Editora: Record
ISBN: 978-85-01-04445-7
Páginas: 351
Classificação: 4/5
Sinopse: O depoimento da pequena Anne Frank, morta pelos nazistas após passar anos escondida no sótão de uma casa em Amsterdã, ainda hoje emociona leitores no mundo inteiro. Seu diário narra os sentimentos, medos e pequenas alegrias de uma menina judia que, com sua família, lutou em vão para sobreviver ao Holocausto.
Lançado em 1947, O Diário de Anne Frank tornou-se um dos maiores sucessos editoriais de todos os tempos. Um livro tocante e importante que conta às novas gerações os horrores da perseguição aos judeus durante a Segunda Guerra Mundial.
Agora, seis décadas após ter sido escrito, este relato finalmente é publicado na íntegra, com um caderno de fotos e o resgate de trechos que permaneciam inéditos. Uma nova edição que aprofunda e aumenta nossa compreensão da vida e da personalidade dessa menina que se transformou em um dos grandes símbolos da luta contra a opressão e a injustiça. E consagra O Diário de Anne Frank como um dos livros de maior importância do século XX. Uma obra que deve ser lida por todos, para evitar que atrocidades parecidas voltem a acontecer neste mundo.
Agora, seis décadas após ter sido escrito, este relato finalmente é publicado na íntegra, com um caderno de fotos e o resgate de trechos que permaneciam inéditos. Uma nova edição que aprofunda e aumenta nossa compreensão da vida e da personalidade dessa menina que se transformou em um dos grandes símbolos da luta contra a opressão e a injustiça. E consagra O Diário de Anne Frank como um dos livros de maior importância do século XX. Uma obra que deve ser lida por todos, para evitar que atrocidades parecidas voltem a acontecer neste mundo.
O livro conta a historia, verídica, de Anne, com uma vida comum, com amigos, uma família, e problemas de uma garota normal. Mas com treze anos ela e outros judeus começam a ser caçados pelos nazistas.Anne e sua família então vão para um esconderijo, chamado de Anexo secreto, que dividem com a família Van Daan e Albert Dussel, onde permanece durante dois anos. Claro, a vida se torna mais difícil entre famílias misturadas, e o livro se torna até mesmo engraçado pelo fato da existência das brigas e desavenças. Durante esse período de dois anos, Anne conta, ao seu diário batizado de Kitty, seus dias “presa” dentro do Anexo, mal podendo abrir as janelas. Anne conta como se sente sozinha e confusa, mal, por não poder ajudar outros judeus como ela.

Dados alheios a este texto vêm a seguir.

definition pinv :: "real mat \<Rightarrow> real mat" where
  "pinv A = (THE B. B \<in> carrier_mat (dim_col A) (dim_row A) \<and>
      A * B * A = A \<and> B * A * B = B \<and>
      transpose_mat (A * B) = A * B \<and> transpose_mat (B * A) = B * A)"

definition mrank :: "real mat \<Rightarrow> nat" where
  "mrank A = vec_space.rank (dim_row A) A"

definition is_task :: "nat \<Rightarrow> real mat \<Rightarrow> real vec \<Rightarrow> bool" where
  "is_task d X y \<longleftrightarrow> dim_col X = d \<and> y \<in> carrier_vec (dim_row X) \<and> mrank X < d"

definition in_S :: "nat \<Rightarrow> nat \<Rightarrow> (nat \<Rightarrow> real mat) \<Rightarrow> (nat \<Rightarrow> real vec) \<Rightarrow> bool" where
  "in_S d T Xs ys \<longleftrightarrow>
     (\<forall>m\<in>{1..T}. is_task d (Xs m) (ys m) \<and> spec_norm (Xs m) \<le> 1) \<and>
     (\<exists>w \<in> carrier_vec d. vnorm w \<le> 1 \<and> (\<forall>m\<in>{1..T}. ys m = Xs m *\<^sub>v w))"

definition cyclic :: "nat \<Rightarrow> nat \<Rightarrow> nat" where
  "cyclic T t = ((t - 1) mod T) + 1"

fun iterate :: "nat \<Rightarrow> (nat \<Rightarrow> nat) \<Rightarrow> (nat \<Rightarrow> real mat) \<Rightarrow> (nat \<Rightarrow> real vec) \<Rightarrow> nat \<Rightarrow> real vec" where
  "iterate d \<tau> Xs ys 0 = 0\<^sub>v d"
| "iterate d \<tau> Xs ys (Suc t) =
     iterate d \<tau> Xs ys t + pinv (Xs (\<tau> (Suc t))) *\<^sub>v (ys (\<tau> (Suc t)) - Xs (\<tau> (Suc t)) *\<^sub>v iterate d \<tau> Xs ys t)"

definition avg_iterate :: "nat \<Rightarrow> nat \<Rightarrow> (nat \<Rightarrow> real mat) \<Rightarrow> (nat \<Rightarrow> real vec) \<Rightarrow> nat \<Rightarrow> real vec" where
  "avg_iterate d T Xs ys n =
     vec d (\<lambda>i. (1 / real n) * (\<Sum>n'=1..n. iterate d (cyclic T) Xs ys (T * n') $ i))"

end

Bem, sinceramente eu não curto muito a leitura em forma de diário, mas me apaixonei pelo livro. No começo foi meio confuso, pelo fato de não ser um livro onde os personagens são apresentados um de cada vez e em seu devido tempo, mas logo decorei todos os nomes e seu papel nessa historia.
Eu achei impossível não adorar Anne, e sinceramente me identifiquei um pouco com ela. Anne não era compreendida pelos moradores do Anexo, o que a deixava frustrada, ate mesmo ao ponto de chorar a noite no travesseiro. Sua ligação com o pai, Otto Frank, é linda, mas com o longo do tempo é perdida. Sua relação com a mãe Edith Frank é estranha, pelo fato de Anne achar que sua mãe não a ama tanto como ama sua irmã Margot Frank.

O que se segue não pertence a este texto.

(* The coefficients are measured in the weighted norm sum_nu |u_nu| e^(a |nu|) with a = xi/2.
   Since |nu| is subadditive, this norm is submultiplicative on the convolutions in the
   recursion, and eps D(eps, s)^-1 is bounded uniformly in s (coercivity of A for small s,
   of Gamma for large s).  The norms N_k of u^(k) then obey a scalar recursion, for which the
   ansatz N_k <= Q R^k / k^2 closes when Q is small and R large, because
   sum over compositions k_1 + ... + k_p = n of prod 1/k_j^2 is at most 8^p / n^2.
   The start N_1 <= Q R is obtained by taking eps and zeta small: off a finite set of
   frequencies the tail of f is small, and on that set the divisors omega.nu are bounded
   away from 0.  The bound therefore holds for every B > 0, with K_0 = K_1 = 1. *)

lemma summable_on_prod_PiE_nonneg:
  fixes f :: "'a \<Rightarrow> 'b \<Rightarrow> real"
  assumes "finite A" "\<And>x. x \<in> A \<Longrightarrow> f x summable_on B x" "\<And>x y. f x y \<ge> 0"
  shows "(\<lambda>g. \<Prod>x\<in>A. f x (g x)) summable_on PiE A B"
  using assms(1,2)
proof (induction A rule: finite_induct)
  case empty
  then show ?case by simp
next
  case (insert x A)
  have PiE_insert: "PiE (insert x A) B = (\<lambda>(g,y). g(x:=y)) ` (PiE A B \<times> B x)"
    unfolding PiE_insert_eq
    by (subst swap_product [symmetric]) (simp add: image_image case_prod_unfold)
  have inj: "inj_on (\<lambda>(g, y). g(x := y)) (PiE A B \<times> B x)"
    using \<open>x \<notin> A\<close> by (rule inj_combinator')
  have split_prod: "(\<lambda>g. \<Prod>x\<in>insert x A. f x (g x)) \<circ> (\<lambda>(g,y). g(x:=y)) =
      (\<lambda>(p, y). f x y * (\<Prod>x'\<in>A. f x' (p x')))"
  proof -
    have "(\<Prod>x'\<in>A. f x' ((p(x:=y)) x')) = (\<Prod>x'\<in>A. f x' (p x'))" for p y
      by (rule prod.cong) (use insert.hyps in auto)
    then have "(\<Prod>x'\<in>insert x A. f x' ((p(x:=y)) x')) = f x y * (\<Prod>x'\<in>A. f x' (p x'))" for p y
      using insert.hyps by (simp del: fun_upd_apply) simp
    then show ?thesis by (simp add: fun_eq_iff case_prod_unfold del: fun_upd_apply)
  qed
  have fx: "f x summable_on B x" using insert by auto
  have "(\<lambda>(p, y). f x y * (\<Prod>x'\<in>A. f x' (p x'))) summable_on PiE A B \<times> B x"
  proof (rule summable_on_SigmaI[where g="\<lambda>p. infsum (f x) (B x) * (\<Prod>x'\<in>A. f x' (p x'))"])
    show "(\<lambda>p. infsum (f x) (B x) * (\<Prod>x'\<in>A. f x' (p x'))) summable_on PiE A B"
      using insert by (intro summable_on_cmult_right) auto
  qed (use has_sum_cmult_left[OF has_sum_infsum[OF fx]] assms(3) in \<open>auto simp: prod_nonneg\<close>)
  then show ?case
    unfolding PiE_insert using inj by (subst summable_on_reindex) (auto simp: split_prod)
qed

Obviamente, sabemos o final dessa historia que é triste. Mas mesmo assim, torci o livro inteiro para que o final mudasse para melhor. O livro nos emociona deixando uma mensagem, de como foi difícil ser um judeu durante a segunda guerra mundial. Ainda mais para uma menina, que tinha sonhos e muito para viver ainda. Recomendo. Um livro apaixonante e uma leitura que com certeza, vou levar para o resto de minha vida.